[Stored items]
◇ ◇ ◇ ◇
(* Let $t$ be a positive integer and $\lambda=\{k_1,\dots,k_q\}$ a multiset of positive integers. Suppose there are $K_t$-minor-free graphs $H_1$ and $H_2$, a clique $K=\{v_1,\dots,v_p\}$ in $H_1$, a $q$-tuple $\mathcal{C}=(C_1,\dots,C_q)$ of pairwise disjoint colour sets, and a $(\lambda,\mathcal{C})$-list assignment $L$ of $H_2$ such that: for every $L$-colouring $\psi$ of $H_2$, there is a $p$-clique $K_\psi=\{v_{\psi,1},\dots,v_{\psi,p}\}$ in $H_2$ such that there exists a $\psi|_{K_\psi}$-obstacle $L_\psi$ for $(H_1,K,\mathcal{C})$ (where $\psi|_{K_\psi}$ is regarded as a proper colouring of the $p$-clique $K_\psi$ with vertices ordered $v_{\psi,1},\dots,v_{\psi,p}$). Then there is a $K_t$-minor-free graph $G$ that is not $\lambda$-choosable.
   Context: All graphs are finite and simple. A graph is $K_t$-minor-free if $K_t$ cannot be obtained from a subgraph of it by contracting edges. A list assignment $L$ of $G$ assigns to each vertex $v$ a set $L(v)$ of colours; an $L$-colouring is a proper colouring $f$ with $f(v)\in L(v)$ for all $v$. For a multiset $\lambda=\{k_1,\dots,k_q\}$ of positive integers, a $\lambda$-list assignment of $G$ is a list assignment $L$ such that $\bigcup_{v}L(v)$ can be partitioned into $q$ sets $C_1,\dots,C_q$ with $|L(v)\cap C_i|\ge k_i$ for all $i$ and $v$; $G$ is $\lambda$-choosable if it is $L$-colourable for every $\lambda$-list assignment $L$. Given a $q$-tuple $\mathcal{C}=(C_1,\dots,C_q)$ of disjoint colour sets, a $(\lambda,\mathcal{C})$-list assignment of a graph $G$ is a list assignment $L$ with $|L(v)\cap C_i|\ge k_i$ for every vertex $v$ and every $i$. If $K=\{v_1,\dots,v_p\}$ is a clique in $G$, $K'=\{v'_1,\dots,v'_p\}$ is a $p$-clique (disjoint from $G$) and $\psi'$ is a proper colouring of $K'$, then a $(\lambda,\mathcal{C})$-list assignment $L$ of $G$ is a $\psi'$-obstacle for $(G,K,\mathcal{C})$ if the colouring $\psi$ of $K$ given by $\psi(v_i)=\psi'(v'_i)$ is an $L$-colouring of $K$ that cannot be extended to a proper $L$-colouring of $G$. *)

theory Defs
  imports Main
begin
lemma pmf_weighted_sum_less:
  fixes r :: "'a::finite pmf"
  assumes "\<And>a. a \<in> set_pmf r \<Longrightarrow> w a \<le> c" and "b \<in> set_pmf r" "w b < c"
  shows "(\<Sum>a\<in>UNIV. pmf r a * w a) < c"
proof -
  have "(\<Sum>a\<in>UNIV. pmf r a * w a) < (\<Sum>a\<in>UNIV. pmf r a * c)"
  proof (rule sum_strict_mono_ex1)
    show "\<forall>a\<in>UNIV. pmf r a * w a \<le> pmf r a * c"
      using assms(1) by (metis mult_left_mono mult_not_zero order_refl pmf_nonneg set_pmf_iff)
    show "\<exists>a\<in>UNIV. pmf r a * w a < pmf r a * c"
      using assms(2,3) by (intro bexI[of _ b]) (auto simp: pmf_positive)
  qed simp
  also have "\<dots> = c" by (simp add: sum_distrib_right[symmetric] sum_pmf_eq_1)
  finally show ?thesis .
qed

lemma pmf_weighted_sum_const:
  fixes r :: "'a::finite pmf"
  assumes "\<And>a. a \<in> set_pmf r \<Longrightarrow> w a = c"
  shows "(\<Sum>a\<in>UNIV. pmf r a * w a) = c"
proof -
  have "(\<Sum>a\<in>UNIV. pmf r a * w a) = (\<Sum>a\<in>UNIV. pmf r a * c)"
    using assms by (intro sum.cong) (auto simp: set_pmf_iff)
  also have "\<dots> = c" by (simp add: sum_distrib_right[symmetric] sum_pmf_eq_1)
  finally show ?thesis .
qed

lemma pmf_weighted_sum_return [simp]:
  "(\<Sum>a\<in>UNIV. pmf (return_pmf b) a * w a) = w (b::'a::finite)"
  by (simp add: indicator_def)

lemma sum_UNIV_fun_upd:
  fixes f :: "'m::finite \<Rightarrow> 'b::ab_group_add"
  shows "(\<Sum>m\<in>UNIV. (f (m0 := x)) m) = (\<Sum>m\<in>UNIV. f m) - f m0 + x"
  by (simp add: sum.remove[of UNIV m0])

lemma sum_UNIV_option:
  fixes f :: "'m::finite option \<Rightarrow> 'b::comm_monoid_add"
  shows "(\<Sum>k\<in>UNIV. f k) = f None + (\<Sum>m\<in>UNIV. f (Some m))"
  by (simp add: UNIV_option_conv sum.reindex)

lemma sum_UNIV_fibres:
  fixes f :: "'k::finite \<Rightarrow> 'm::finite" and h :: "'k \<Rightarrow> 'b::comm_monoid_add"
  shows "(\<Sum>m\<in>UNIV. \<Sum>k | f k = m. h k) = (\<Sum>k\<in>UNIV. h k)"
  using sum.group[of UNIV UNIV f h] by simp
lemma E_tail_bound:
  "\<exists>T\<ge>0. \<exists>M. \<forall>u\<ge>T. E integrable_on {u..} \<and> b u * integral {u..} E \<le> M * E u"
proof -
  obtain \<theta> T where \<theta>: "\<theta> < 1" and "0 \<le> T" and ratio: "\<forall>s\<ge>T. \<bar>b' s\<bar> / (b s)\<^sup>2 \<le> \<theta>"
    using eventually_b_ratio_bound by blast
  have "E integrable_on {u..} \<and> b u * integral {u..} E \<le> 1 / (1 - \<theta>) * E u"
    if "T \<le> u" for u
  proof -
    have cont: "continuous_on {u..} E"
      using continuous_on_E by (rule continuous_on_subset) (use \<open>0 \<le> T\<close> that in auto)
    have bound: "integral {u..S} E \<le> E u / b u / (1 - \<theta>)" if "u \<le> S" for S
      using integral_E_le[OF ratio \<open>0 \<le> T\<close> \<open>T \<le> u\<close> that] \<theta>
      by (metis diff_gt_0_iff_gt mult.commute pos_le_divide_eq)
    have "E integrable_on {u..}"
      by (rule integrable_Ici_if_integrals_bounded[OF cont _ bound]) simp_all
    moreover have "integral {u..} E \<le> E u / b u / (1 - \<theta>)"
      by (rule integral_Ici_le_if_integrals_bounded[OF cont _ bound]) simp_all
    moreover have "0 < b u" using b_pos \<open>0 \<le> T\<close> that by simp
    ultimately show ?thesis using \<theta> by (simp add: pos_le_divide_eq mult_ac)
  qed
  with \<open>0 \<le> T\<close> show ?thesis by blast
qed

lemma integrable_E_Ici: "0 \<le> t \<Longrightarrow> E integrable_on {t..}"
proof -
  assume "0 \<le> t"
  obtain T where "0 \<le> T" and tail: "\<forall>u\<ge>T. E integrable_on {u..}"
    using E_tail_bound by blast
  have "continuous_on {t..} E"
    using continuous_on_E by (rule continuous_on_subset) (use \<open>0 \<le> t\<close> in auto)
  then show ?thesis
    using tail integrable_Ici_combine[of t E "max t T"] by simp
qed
◇ ◇ ◇ ◇
### [PROBLEM REQUIREMENTS]
Set down an exact copy of the entries above.

### [REPLY]
(* Let $t$ be a positive integer and $\lambda=\{k_1,\dots,k_q\}$ a multiset of positive integers. Suppose there are $K_t$-minor-free graphs $H_1$ and $H_2$, a clique $K=\{v_1,\dots,v_p\}$ in $H_1$, a $q$-tuple $\mathcal{C}=(C_1,\dots,C_q)$ of pairwise disjoint colour sets, and a $(\lambda,\mathcal{C})$-list assignment $L$ of $H_2$ such that: for every $L$-colouring $\psi$ of $H_2$, there is a $p$-clique $K_\psi=\{v_{\psi,1},\dots,v_{\psi,p}\}$ in $H_2$ such that there exists a $\psi|_{K_\psi}$-obstacle $L_\psi$ for $(H_1,K,\mathcal{C})$ (where $\psi|_{K_\psi}$ is regarded as a proper colouring of the $p$-clique $K_\psi$ with vertices ordered $v_{\psi,1},\dots,v_{\psi,p}$). Then there is a $K_t$-minor-free graph $G$ that is not $\lambda$-choosable.
   Context: All graphs are finite and simple. A graph is $K_t$-minor-free if $K_t$ cannot be obtained from a subgraph of it by contracting edges. A list assignment $L$ of $G$ assigns to each vertex $v$ a set $L(v)$ of colours; an $L$-colouring is a proper colouring $f$ with $f(v)\in L(v)$ for all $v$. For a multiset $\lambda=\{k_1,\dots,k_q\}$ of positive integers, a $\lambda$-list assignment of $G$ is a list assignment $L$ such that $\bigcup_{v}L(v)$ can be partitioned into $q$ sets $C_1,\dots,C_q$ with $|L(v)\cap C_i|\ge k_i$ for all $i$ and $v$; $G$ is $\lambda$-choosable if it is $L$-colourable for every $\lambda$-list assignment $L$. Given a $q$-tuple $\mathcal{C}=(C_1,\dots,C_q)$ of disjoint colour sets, a $(\lambda,\mathcal{C})$-list assignment of a graph $G$ is a list assignment $L$ with $|L(v)\cap C_i|\ge k_i$ for every vertex $v$ and every $i$. If $K=\{v_1,\dots,v_p\}$ is a clique in $G$, $K'=\{v'_1,\dots,v'_p\}$ is a $p$-clique (disjoint from $G$) and $\psi'$ is a proper colouring of $K'$, then a $(\lambda,\mathcal{C})$-list assignment $L$ of $G$ is a $\psi'$-obstacle for $(G,K,\mathcal{C})$ if the colouring $\psi$ of $K$ given by $\psi(v_i)=\psi'(v'_i)$ is an $L$-colouring of $K$ that cannot be extended to a proper $L$-colouring of $G$. *)

theory Defs
  imports Main
begin
lemma pmf_weighted_sum_less:
  fixes r :: "'a::finite pmf"
  assumes "\<And>a. a \<in> set_pmf r \<Longrightarrow> w a \<le> c" and "b \<in> set_pmf r" "w b < c"
  shows "(\<Sum>a\<in>UNIV. pmf r a * w a) < c"
proof -
  have "(\<Sum>a\<in>UNIV. pmf r a * w a) < (\<Sum>a\<in>UNIV. pmf r a * c)"
  proof (rule sum_strict_mono_ex1)
    show "\<forall>a\<in>UNIV. pmf r a * w a \<le> pmf r a * c"
      using assms(1) by (metis mult_left_mono mult_not_zero order_refl pmf_nonneg set_pmf_iff)
    show "\<exists>a\<in>UNIV. pmf r a * w a < pmf r a * c"
      using assms(2,3) by (intro bexI[of _ b]) (auto simp: pmf_positive)
  qed simp
  also have "\<dots> = c" by (simp add: sum_distrib_right[symmetric] sum_pmf_eq_1)
  finally show ?thesis .
qed

lemma pmf_weighted_sum_const:
  fixes r :: "'a::finite pmf"
  assumes "\<And>a. a \<in> set_pmf r \<Longrightarrow> w a = c"
  shows "(\<Sum>a\<in>UNIV. pmf r a * w a) = c"
proof -
  have "(\<Sum>a\<in>UNIV. pmf r a * w a) = (\<Sum>a\<in>UNIV. pmf r a * c)"
    using assms by (intro sum.cong) (auto simp: set_pmf_iff)
  also have "\<dots> = c" by (simp add: sum_distrib_right[symmetric] sum_pmf_eq_1)
  finally show ?thesis .
qed

lemma pmf_weighted_sum_return [simp]:
  "(\<Sum>a\<in>UNIV. pmf (return_pmf b) a * w a) = w (b::'a::finite)"
  by (simp add: indicator_def)

lemma sum_UNIV_fun_upd:
  fixes f :: "'m::finite \<Rightarrow> 'b::ab_group_add"
  shows "(\<Sum>m\<in>UNIV. (f (m0 := x)) m) = (\<Sum>m\<in>UNIV. f m) - f m0 + x"
  by (simp add: sum.remove[of UNIV m0])

lemma sum_UNIV_option:
  fixes f :: "'m::finite option \<Rightarrow> 'b::comm_monoid_add"
  shows "(\<Sum>k\<in>UNIV. f k) = f None + (\<Sum>m\<in>UNIV. f (Some m))"
  by (simp add: UNIV_option_conv sum.reindex)

lemma sum_UNIV_fibres:
  fixes f :: "'k::finite \<Rightarrow> 'm::finite" and h :: "'k \<Rightarrow> 'b::comm_monoid_add"
  shows "(\<Sum>m\<in>UNIV. \<Sum>k | f k = m. h k) = (\<Sum>k\<in>UNIV. h k)"
  using sum.group[of UNIV UNIV f h] by simp
lemma E_tail_bound:
  "\<exists>T\<ge>0. \<exists>M. \<forall>u\<ge>T. E integrable_on {u..} \<and> b u * integral {u..} E \<le> M * E u"
proof -
  obtain \<theta> T where \<theta>: "\<theta> < 1" and "0 \<le> T" and ratio: "\<forall>s\<ge>T. \<bar>b' s\<bar> / (b s)\<^sup>2 \<le> \<theta>"
    using eventually_b_ratio_bound by blast
  have "E integrable_on {u..} \<and> b u * integral {u..} E \<le> 1 / (1 - \<theta>) * E u"
    if "T \<le> u" for u
  proof -
    have cont: "continuous_on {u..} E"
      using continuous_on_E by (rule continuous_on_subset) (use \<open>0 \<le> T\<close> that in auto)
    have bound: "integral {u..S} E \<le> E u / b u / (1 - \<theta>)" if "u \<le> S" for S
      using integral_E_le[OF ratio \<open>0 \<le> T\<close> \<open>T \<le> u\<close> that] \<theta>
      by (metis diff_gt_0_iff_gt mult.commute pos_le_divide_eq)
    have "E integrable_on {u..}"
      by (rule integrable_Ici_if_integrals_bounded[OF cont _ bound]) simp_all
    moreover have "integral {u..} E \<le> E u / b u / (1 - \<theta>)"
      by (rule integral_Ici_le_if_integrals_bounded[OF cont _ bound]) simp_all
    moreover have "0 < b u" using b_pos \<open>0 \<le> T\<close> that by simp
    ultimately show ?thesis using \<theta> by (simp add: pos_le_divide_eq mult_ac)
  qed
  with \<open>0 \<le> T\<close> show ?thesis by blast
qed

lemma integrable_E_Ici: "0 \<le> t \<Longrightarrow> E integrable_on {t..}"
proof -
  assume "0 \<le> t"
  obtain T where "0 \<le> T" and tail: "\<forall>u\<ge>T. E integrable_on {u..}"
    using E_tail_bound by blast
  have "continuous_on {t..} E"
    using continuous_on_E by (rule continuous_on_subset) (use \<open>0 \<le> t\<close> in auto)
  then show ?thesis
    using tail integrable_Ici_combine[of t E "max t T"] by simp
qed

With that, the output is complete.